TASK TO CARRY OUT:
Could you copy each line of the entries that contains "datatype"?

[Dataset records]
☆ ☆ ☆ ☆

(* Let $\mathcal{G}=(\mathcal{V},\mathcal{E})$ be a $4$-connected grid graph and consider a labeled multi-robot path planning instance on $\mathcal{G}$ with $n$ robots, distinct start vertices $s_1,\dots,s_n$ and distinct goal vertices $g_1,\dots,g_n$. Let $1\le w_1< w_2$ be suboptimality factors. Then the algorithm DCBS (described in the context) with parameters $w_1,w_2$ is complete and $w_2$ bounded-suboptimal: whenever the instance admits a collision-free solution, DCBS terminates and returns a collision-free solution whose sum-of-costs is at most $w_2$ times the minimum sum-of-costs over all collision-free solutions.
   Context: A path for robot $r_i$ is a sequence $P_i=(p_i^0,\dots,p_i^T)$ of vertices with $p_i^0=s_i$, $p_i^T=g_i$, and for each $1\le t\le T$ either $p_i^{t}=p_i^{t-1}$ or $p_i^{t}$ is a grid neighbor of $p_i^{t-1}$ (neighbors of $(i,j)$ are $(i\pm1,j),(i,j\pm1)$ when they lie in $\mathcal{V}$). A set of paths is collision-free if for all $t$ and $i\neq j$: $p_i^t\neq p_j^t$ (no vertex collision) and $(p_i^{t-1},p_i^t)\neq(p_j^t,p_j^{t-1})$ (no edge collision). The sum-of-costs is $\sum_i t_i$ where $t_i$ is the least time after which robot $i$ stays at $g_i$. ECBS($w_1$) (enhanced conflict-based search) is a two-level search. High-level nodes consist of a set of constraints (a constraint forbids a given robot from occupying a given vertex or traversing a given edge at a given time), a path for each robot consistent with its constraints, the sum-of-costs of these paths, and a lower bound $LB$ on the optimal sum-of-costs under the node's constraints. The high level maintains an OPEN list and a FOCAL list consisting of the OPEN nodes whose cost is at most $w_1$ times the minimum lower bound among OPEN nodes; it repeatedly removes from FOCAL the node with fewest pairwise collisions. If that node's paths are collision-free they are returned; otherwise a first collision between two robots is chosen and, for each of the two robots, a child node is created by adding a constraint forbidding that robot's part of the collision and replanning that robot's path with a low-level focal search (also with factor $w_1$); successful children are inserted into OPEN. ECBS($w_1$) is complete and returns solutions with sum-of-costs at most $w_1$ times optimal. DCBS($w_1,w_2$) is ECBS($w_1$) with the following addition: after a high-level node $N$ is popped from FOCAL and removed from OPEN, if a triggering predicate on $N$ holds (e.g., the number of collisions of $N$ is below a threshold, or has stagnated), a subroutine DbResolution takes the paths of $N$ and attempts to remove all collisions by local rerouting of conflicting robots inside $2\times3$ or $3\times3$ subgrids using a precomputed database of minimum-makespan solutions for such subproblems; if DbResolution succeeds and the resulting collision-free solution passes an optimality check with factor $w_2$ (its cost is at most $w_2$ times the lower bound), it is returned; otherwise the ordinary ECBS high-level expansion of $N$ proceeds. *)

theory Defs
  imports Complex_Main "HOL-Library.Multiset"
begin

type_synonym vertex = "int \<times> int"
type_synonym path = "vertex list"

definition grid_adj :: "vertex \<Rightarrow> vertex \<Rightarrow> bool" where
  "grid_adj u v \<longleftrightarrow> \<bar>fst u - fst v\<bar> + \<bar>snd u - snd v\<bar> = 1"

text \<open>Position of a robot at time t; after the end of its list it stays at the last
  vertex (equivalent to padding all paths to a common horizon T).\<close>
definition pos :: "path \<Rightarrow> nat \<Rightarrow> vertex" where
  "pos p t = p ! min t (length p - 1)"

definition valid_path :: "vertex set \<Rightarrow> vertex \<Rightarrow> vertex \<Rightarrow> path \<Rightarrow> bool" where
  "valid_path V s g p \<longleftrightarrow> p \<noteq> [] \<and> set p \<subseteq> V \<and> hd p = s \<and> last p = g \<and>
     (\<forall>k. Suc k < length p \<longrightarrow> p ! Suc k = p ! k \<or> grid_adj (p ! k) (p ! Suc k))"

definition path_cost :: "vertex \<Rightarrow> path \<Rightarrow> nat" where
  "path_cost g p = (LEAST t. \<forall>t'\<ge>t. pos p t' = g)"

definition vertex_collision :: "(nat \<Rightarrow> path) \<Rightarrow> nat \<Rightarrow> nat \<Rightarrow> nat \<Rightarrow> bool" where
  "vertex_collision P i j t \<longleftrightarrow> pos (P i) t = pos (P j) t"

definition edge_collision :: "(nat \<Rightarrow> path) \<Rightarrow> nat \<Rightarrow> nat \<Rightarrow> nat \<Rightarrow> bool" where
  "edge_collision P i j t \<longleftrightarrow> 1 \<le> t \<and>
     pos (P i) (t - 1) = pos (P j) t \<and> pos (P i) t = pos (P j) (t - 1)"

definition collision_free :: "nat \<Rightarrow> (nat \<Rightarrow> path) \<Rightarrow> bool" where
  "collision_free n P \<longleftrightarrow> (\<forall>i<n. \<forall>j<n. i \<noteq> j \<longrightarrow>
     (\<forall>t. \<not> vertex_collision P i j t \<and> \<not> edge_collision P i j t))"

definition is_solution :: "vertex set \<Rightarrow> nat \<Rightarrow> (nat \<Rightarrow> vertex) \<Rightarrow> (nat \<Rightarrow> vertex) \<Rightarrow> (nat \<Rightarrow> path) \<Rightarrow> bool" where
  "is_solution V n s g P \<longleftrightarrow> (\<forall>i<n. valid_path V (s i) (g i) (P i)) \<and> collision_free n P"

definition soc :: "nat \<Rightarrow> (nat \<Rightarrow> vertex) \<Rightarrow> (nat \<Rightarrow> path) \<Rightarrow> nat" where
  "soc n g P = (\<Sum>i<n. path_cost (g i) (P i))"

definition opt_soc :: "vertex set \<Rightarrow> nat \<Rightarrow> (nat \<Rightarrow> vertex) \<Rightarrow> (nat \<Rightarrow> vertex) \<Rightarrow> nat" where
  "opt_soc V n s g = (LEAST c. \<exists>P. is_solution V n s g P \<and> soc n g P = c)"

text \<open>VCon r v t: robot r may not be at v at time t.
  ECon r u v t: robot r may not traverse u to v between times t-1 and t.\<close>
datatype constr = VCon nat vertex nat | ECon nat vertex vertex nat

fun satisfies :: "nat \<Rightarrow> path \<Rightarrow> constr \<Rightarrow> bool" where
  "satisfies i p (VCon r v t) \<longleftrightarrow> (r = i \<longrightarrow> pos p t \<noteq> v)"
| "satisfies i p (ECon r u v t) \<longleftrightarrow> (r = i \<longrightarrow> \<not> (pos p (t - 1) = u \<and> pos p t = v))"

definition consistent :: "nat \<Rightarrow> path \<Rightarrow> constr set \<Rightarrow> bool" where
  "consistent i p C \<longleftrightarrow> (\<forall>c\<in>C. satisfies i p c)"

text \<open>Specification of the low-level focal search with factor w1 for robot i under
  constraints C: it returns a path p and its lower bound lb (f_min) with
  lb \<le> cost of every consistent path and cost p \<le> w1 * lb; it fails only if no
  consistent path exists.\<close>
definition ll_ok :: "vertex set \<Rightarrow> (nat \<Rightarrow> vertex) \<Rightarrow> (nat \<Rightarrow> vertex) \<Rightarrow> real \<Rightarrow> nat \<Rightarrow>
    constr set \<Rightarrow> path \<Rightarrow> real \<Rightarrow> bool" where
  "ll_ok V s g w1 i C p lb \<longleftrightarrow> valid_path V (s i) (g i) p \<and> consistent i p C \<and>
     (\<forall>q. valid_path V (s i) (g i) q \<and> consistent i q C \<longrightarrow> lb \<le> real (path_cost (g i) q)) \<and>
     real (path_cost (g i) p) \<le> w1 * lb"

definition ll_no_path :: "vertex set \<Rightarrow> (nat \<Rightarrow> vertex) \<Rightarrow> (nat \<Rightarrow> vertex) \<Rightarrow> nat \<Rightarrow> constr set \<Rightarrow> bool" where
  "ll_no_path V s g i C \<longleftrightarrow> \<not> (\<exists>q. valid_path V (s i) (g i) q \<and> consistent i q C)"

datatype collision = VColl nat nat vertex nat | EColl nat nat vertex vertex nat

fun is_collision :: "nat \<Rightarrow> (nat \<Rightarrow> path) \<Rightarrow> collision \<Rightarrow> bool" where
  "is_collision n P (VColl i j v t) \<longleftrightarrow> i < n \<and> j < n \<and> i \<noteq> j \<and>
     pos (P i) t = v \<and> pos (P j) t = v"
| "is_collision n P (EColl i j u v t) \<longleftrightarrow> i < n \<and> j < n \<and> i \<noteq> j \<and> 1 \<le> t \<and>
     pos (P i) (t - 1) = u \<and> pos (P i) t = v \<and> pos (P j) (t - 1) = v \<and> pos (P j) t = u"

fun coll_time :: "collision \<Rightarrow> nat" where
  "coll_time (VColl i j v t) = t"
| "coll_time (EColl i j u v t) = t"

definition first_collision :: "nat \<Rightarrow> (nat \<Rightarrow> path) \<Rightarrow> collision \<Rightarrow> bool" where
  "first_collision n P c \<longleftrightarrow> is_collision n P c \<and>
     (\<forall>c'. is_collision n P c' \<longrightarrow> coll_time c \<le> coll_time c')"

fun split_collision :: "collision \<Rightarrow> (nat \<times> constr) \<times> (nat \<times> constr)" where
  "split_collision (VColl i j v t) = ((i, VCon i v t), (j, VCon j v t))"
| "split_collision (EColl i j u v t) = ((i, ECon i u v t), (j, ECon j v u t))"

definition num_collisions :: "nat \<Rightarrow> (nat \<Rightarrow> path) \<Rightarrow> nat" where
  "num_collisions n P = card {(i, j). i < j \<and> j < n \<and>
     (\<exists>t. vertex_collision P i j t \<or> edge_collision P i j t)}"

datatype node = Node (constrs: "constr set") (npaths: "nat \<Rightarrow> path") (nlbs: "nat \<Rightarrow> real")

☆ ☆ ☆ ☆

TASK RESPONSE:
datatype constr = VCon nat vertex nat | ECon nat vertex vertex nat
datatype collision = VColl nat nat vertex nat | EColl nat nat vertex vertex nat
datatype node = Node (constrs: "constr set") (npaths: "nat \<Rightarrow> path") (nlbs: "nat \<Rightarrow> real")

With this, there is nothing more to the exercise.